Chambre 4-8a, 26 novembre 2024 — 23/09268
Texte intégral
COUR D'APPEL D'AIX-EN-PROVENCE
Chambre 4-8a
ARRÊT AU FOND
DU 26 NOVEMBRE 2024
N°2024/460
Rôle N° RG 23/09268 - N° Portalis DBVB-V-B7H-BLTVX
[X] [R]
C/
CPAM 13
Copie exécutoire délivrée
le : 26 novembre 2024
à :
- Me Julie ANDREU de la SELARL TEISSONNIERE TOPALOFF LAFFORGUE ANDREU ASSOCIES, avocat au barreau de MARSEILLE
- CPAM 13
Décision déférée à la Cour :
Jugement du Pole social du Tribunal Judiciaire de Marseille en date du 21 Juin 2023,enregistré au répertoire général sous le n° 20/01099.
APPELANT
Monsieur [X] [R], demeurant [Adresse 2]
représenté par Me Julie ANDREU de la SELARL TEISSONNIERE TOPALOFF LAFFORGUE ANDREU ASSOCIES, avocat au barreau de MARSEILLE substituée par Me Géraldine GUIBELLINO, avocat au barreau de MARSEILLE
INTIMEE
CPAM 13, demeurant [Localité 1]
représenté par Mme [S] [H] [I] en vertu d'un pouvoir spécial
*-*-*-*-*
COMPOSITION DE LA COUR
L'affaire a été débattue le 08 Octobre 2024 en audience publique devant la Cour composée de :
Madame Emmanuelle TRIOL, Présidente
Madame Audrey BOITAUD DERIEUX, Conseillère
Monsieur Benjamin FAURE, Conseiller
qui en ont délibéré
Greffier lors des débats : Mme Séverine HOUSSARD.

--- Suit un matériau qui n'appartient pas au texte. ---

(* For every $n\in\mathbb{N}$, every (not necessarily linear) weak-2-local derivation $\Delta: M_n\to M_n$ on the C$^*$-algebra $M_n=M_n(\mathbb{C})$ of complex $n\times n$ matrices is a linear derivation.
   Context: A derivation on a C$^*$-algebra $A$ is a linear map $D:A\to A$ with $D(ab)=D(a)b+aD(b)$. A (not necessarily linear) map $\Delta:A\to A$ is a weak-2-local derivation if for every $a,b\in A$ and every $\phi\in A^*$ there exists a derivation $D_{a,b,\phi}:A\to A$ such that $\phi\Delta(a)=\phi D_{a,b,\phi}(a)$ and $\phi\Delta(b)=\phi D_{a,b,\phi}(b)$. *)

theory Defs
  imports Complex_Main "Jordan_Normal_Form.Matrix"
begin

text \<open>The C*-algebra M_n(C) is represented by carrier_mat n n :: complex mat set.
  Maps are considered only on this carrier.\<close>

definition is_derivation :: "nat \<Rightarrow> (complex mat \<Rightarrow> complex mat) \<Rightarrow> bool" where
  "is_derivation n D \<longleftrightarrow>
     (\<forall>A \<in> carrier_mat n n. D A \<in> carrier_mat n n) \<and>
     (\<forall>A \<in> carrier_mat n n. \<forall>B \<in> carrier_mat n n. D (A + B) = D A + D B) \<and>
     (\<forall>c. \<forall>A \<in> carrier_mat n n. D (c \<cdot>\<^sub>m A) = c \<cdot>\<^sub>m D A) \<and>
     (\<forall>A \<in> carrier_mat n n. \<forall>B \<in> carrier_mat n n. D (A * B) = D A * B + A * D B)"

text \<open>Elements of the dual space of M_n(C): (complex) linear functionals;
  in finite dimension all linear functionals are continuous.\<close>
definition is_dual_functional :: "nat \<Rightarrow> (complex mat \<Rightarrow> complex) \<Rightarrow> bool" where
  "is_dual_functional n \<phi> \<longleftrightarrow>
     (\<forall>A \<in> carrier_mat n n. \<forall>B \<in> carrier_mat n n. \<phi> (A + B) = \<phi> A + \<phi> B) \<and>
     (\<forall>c. \<forall>A \<in> carrier_mat n n. \<phi> (c \<cdot>\<^sub>m A) = c * \<phi> A)"

definition weak_2_local_derivation :: "nat \<Rightarrow> (complex mat \<Rightarrow> complex mat) \<Rightarrow> bool" where
  "weak_2_local_derivation n \<Delta> \<longleftrightarrow>
     (\<forall>A \<in> carrier_mat n n. \<Delta> A \<in> carrier_mat n n) \<and>
     (\<forall>A \<in> carrier_mat n n. \<forall>B \<in> carrier_mat n n. \<forall>\<phi>. is_dual_functional n \<phi> \<longrightarrow>
        (\<exists>D. is_derivation n D \<and> \<phi> (\<Delta> A) = \<phi> (D A) \<and> \<phi> (\<Delta> B) = \<phi> (D B)))"

end

theory Submission
  imports Defs
begin

(*
  A derivation of M_n is inner, D x = a x - x a, and tr ((a x - x a) y) = tr (a (x y - y x)),
  so tr (D x * y) depends on x only modulo the commutant of y.  Testing a weak-2-local
  derivation \<Delta> against the functionals tr (- * y) transfers this to \<Delta>.

  Put B x y = tr (\<Delta> x * y).  The elements w = u + e, u and e commute with themselves, which
  relates B at x + w to its values at x, x + e and x + u:
    B (x + e) u = B x u + B x e - B (x + u) e.
  At x = 0 this makes B skew-symmetric, and then the identity says that B, hence \<Delta>, is
  additive.  Homogeneity of \<Delta> comes from the coordinate functionals, so \<Delta> is linear.

  For linear \<Delta>, B vanishes on commuting pairs.  Evaluating it on suitable commuting sums of
  matrix units gives B (E i j) (E p q) = [j = p] a q i - [q = i] a j p with a q i = B (E i 0) (E 0 q),
  i.e. \<Delta> is the inner derivation x \<mapsto> a x - x a.
*)

section \<open>Matrix units and the trace\<close>

definition mat_unit :: "nat \<Rightarrow> nat \<Rightarrow> nat \<Rightarrow> 'a :: zero_neq_one mat" where
  "mat_unit n i j = mat n n (\<lambda>(p, q). if p = i \<and> q = j then 1 else 0)"

lemma mat_unit_carrier [simp]: "mat_unit n i j \<in> carrier_mat n n"
  by (simp add: mat_unit_def)

lemma dim_mat_unit [simp]: "dim_row (mat_unit n i j) = n" "dim_col (mat_unit n i j) = n"
  by (simp_all add: mat_unit_def)

lemma index_mat_unit [simp]:
  "p < n \<Longrightarrow> q < n \<Longrightarrow> mat_unit n i j $$ (p, q) = (if p = i \<and> q = j then 1 else 0)"
  by (simp add: mat_unit_def)

lemma index_mult_mat_unit_right:
  fixes A :: "'a :: semiring_1 mat"
  assumes "A \<in> carrier_mat n n" "p < n" "q < n" "i < n"
  shows "(A * mat_unit n i j) $$ (p, q) = (if q = j then A $$ (p, i) else 0)"
  using assms by (auto simp: scalar_prod_def if_distrib cong: if_cong)

lemma index_mult_mat_unit_left:
  fixes A :: "'a :: semiring_1 mat"
  assumes "A \<in> carrier_mat n n" "p < n" "q < n" "j < n"
  shows "(mat_unit n i j * A) $$ (p, q) = (if p = i then A $$ (j, q) else 0)"
proof -
  have "(mat_unit n i j * A) $$ (p, q) = (\<Sum>k<n. (if p = i \<and> k = j then 1 else 0) * A $$ (k, q))"
    using assms by (simp add: scalar_prod_def atLeast0LessThan)
  also have "\<dots> = (\<Sum>k<n. if k = j then (if p = i then A $$ (k, q) else 0) else 0)"
    by (rule sum.cong) auto
  finally show ?thesis using assms by simp
qed

lemmas index_mult_mat_units = index_mult_mat_unit_right index_mult_mat_unit_left index_mult_mat(2,3)

lemma mat_unit_mult:
  assumes "i < n" "j < n" "k < n" "l < n"
  shows "mat_unit n i j * mat_unit n k l =
    (if j = k then mat_unit n i l else (0\<^sub>m n n :: 'a :: semiring_1 mat))"
  by (rule eq_matI) (use assms in \<open>auto simp del: index_mult_mat simp: index_mult_mat_units\<close>)

definition mat_trace :: "'a :: comm_ring_1 mat \<Rightarrow> 'a" where
  "mat_trace A = (\<Sum>i<dim_row A. A $$ (i, i))"

lemma mat_trace_add:
  "A \<in> carrier_mat n n \<Longrightarrow> B \<in> carrier_mat n n \<Longrightarrow> mat_trace (A + B) = mat_trace A + mat_trace B"
  by (simp add: mat_trace_def sum.distrib)

lemma mat_trace_minus:
  "A \<in> carrier_mat n n \<Longrightarrow> B \<in> carrier_mat n n \<Longrightarrow> mat_trace (A - B) = mat_trace A - mat_trace B"
  by (simp add: mat_trace_def sum_subtractf)

lemma mat_trace_smult: "A \<in> carrier_mat n n \<Longrightarrow> mat_trace (c \<cdot>\<^sub>m A) = c * mat_trace A"
  by (simp add: mat_trace_def sum_distrib_left)

lemma mat_trace_zero [simp]: "mat_trace (0\<^sub>m n n) = 0"
  by (simp add: mat_trace_def)

lemma mat_trace_mult_comm:
  assumes "A \<in> carrier_mat n n" "B \<in> carrier_mat n n"
  shows "mat_trace (A * B) = mat_trace (B * A)"
proof -
  have "mat_trace (A * B) = (\<Sum>i<n. \<Sum>k<n. A $$ (i, k) * B $$ (k, i))"
    using assms by (simp add: mat_trace_def scalar_prod_def atLeast0LessThan)
  also have "\<dots> = (\<Sum>k<n. \<Sum>i<n. A $$ (i, k) * B $$ (k, i))"
    by (rule sum.swap)
  also have "\<dots> = mat_trace (B * A)"
    using assms by (simp add: mat_trace_def scalar_prod_def atLeast0LessThan mult.commute)
  finally show ?thesis .
qed

lemma mat_trace_mult_mat_unit:
  assumes "A \<in> carrier_mat n n" "i < n" "j < n"
  shows "mat_trace (A * mat_unit n i j) = A $$ (j, i)"
proof -
  have "mat_trace (A * mat_unit n i j) = (\<Sum>p<n. if p = j then A $$ (p, i) else 0)"
    unfolding mat_trace_def using assms
    by (intro sum.cong) (auto simp del: index_mult_mat simp: index_mult_mat_units)
  thus ?thesis using assms by simp
qed

lemma mat_eq_by_trace:
  assumes "A \<in> carrier_mat n n" "B \<in> carrier_mat n n"
    and "\<And>i j. i < n \<Longrightarrow> j < n \<Longrightarrow> mat_trace (A * mat_unit n i j) = mat_trace (B * mat_unit n i j)"
  shows "A = B"
proof (rule eq_matI)
  fix p q assume "p < dim_row B" "q < dim_col B"
  with assms show "A $$ (p, q) = B $$ (p, q)"
    using assms(3)[of q p] by (simp add: mat_trace_mult_mat_unit)
qed (use assms in auto)

lemma mat_trace_commutator_mult:
  fixes a x y :: "'a :: comm_ring_1 mat"
  assumes "a \<in> carrier_mat n n" "x \<in> carrier_mat n n" "y \<in> carrier_mat n n"
  shows "mat_trace ((a * x - x * a) * y) = mat_trace (a * (x * y - y * x))"
proof -
  have "mat_trace ((a * x - x * a) * y) = mat_trace (a * (x * y)) - mat_trace (x * (a * y))"
    using assms by (simp add: minus_mult_distrib_mat[of _ n n] mat_trace_minus[of _ n])
  also have "mat_trace (x * (a * y)) = mat_trace (a * (y * x))"
    using assms mat_trace_mult_comm[of x n "a * y"] by simp
  also have "mat_trace (a * (x * y)) - \<dots> = mat_trace (a * (x * y) - a * (y * x))"
    using assms by (intro mat_trace_minus[symmetric]) auto
  also have "a * (x * y) - a * (y * x) = a * (x * y - y * x)"
    using assms by (intro mult_minus_distrib_mat[symmetric]) auto
  finally show ?thesis .
qed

Les parties ont été avisées que le prononcé de la décision aurait lieu par mise à disposition au greffe le 26 Novembre 2024.
ARRÊT
Contradictoire,
Prononcé par mise à disposition au greffe le 26 Novembre 2024
Signé par Madame Emmanuelle TRIOL, Présidente et Mme Séverine HOUSSARD, greffier auquel la minute de la décision a été remise par le magistrat signataire.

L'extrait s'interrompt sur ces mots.